--- What is expected ---
Go through the data and copy every line in which "then" appears.

--- Data shown ---
******
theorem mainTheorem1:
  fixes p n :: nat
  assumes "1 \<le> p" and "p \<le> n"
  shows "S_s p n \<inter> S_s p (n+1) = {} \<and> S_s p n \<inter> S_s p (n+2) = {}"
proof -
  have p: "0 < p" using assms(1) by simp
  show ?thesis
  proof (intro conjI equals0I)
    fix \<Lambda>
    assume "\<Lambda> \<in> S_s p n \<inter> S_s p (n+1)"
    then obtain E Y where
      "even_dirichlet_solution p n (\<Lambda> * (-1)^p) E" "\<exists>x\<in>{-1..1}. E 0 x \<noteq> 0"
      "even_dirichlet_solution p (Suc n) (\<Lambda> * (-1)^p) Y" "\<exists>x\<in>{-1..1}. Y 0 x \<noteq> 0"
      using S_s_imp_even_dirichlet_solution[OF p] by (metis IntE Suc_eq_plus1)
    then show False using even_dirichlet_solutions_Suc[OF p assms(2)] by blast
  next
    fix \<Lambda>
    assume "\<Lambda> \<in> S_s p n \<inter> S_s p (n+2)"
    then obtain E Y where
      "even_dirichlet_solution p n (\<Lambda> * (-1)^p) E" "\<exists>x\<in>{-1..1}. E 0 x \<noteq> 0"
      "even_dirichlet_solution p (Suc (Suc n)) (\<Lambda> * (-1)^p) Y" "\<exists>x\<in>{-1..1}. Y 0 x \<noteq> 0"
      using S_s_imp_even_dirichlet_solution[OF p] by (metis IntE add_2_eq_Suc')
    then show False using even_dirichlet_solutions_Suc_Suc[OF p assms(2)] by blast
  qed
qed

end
******
--- Finished exercise ---
    then obtain E Y where
    then show False using even_dirichlet_solutions_Suc[OF p assms(2)] by blast
    then obtain E Y where
    then show False using even_dirichlet_solutions_Suc_Suc[OF p assms(2)] by blast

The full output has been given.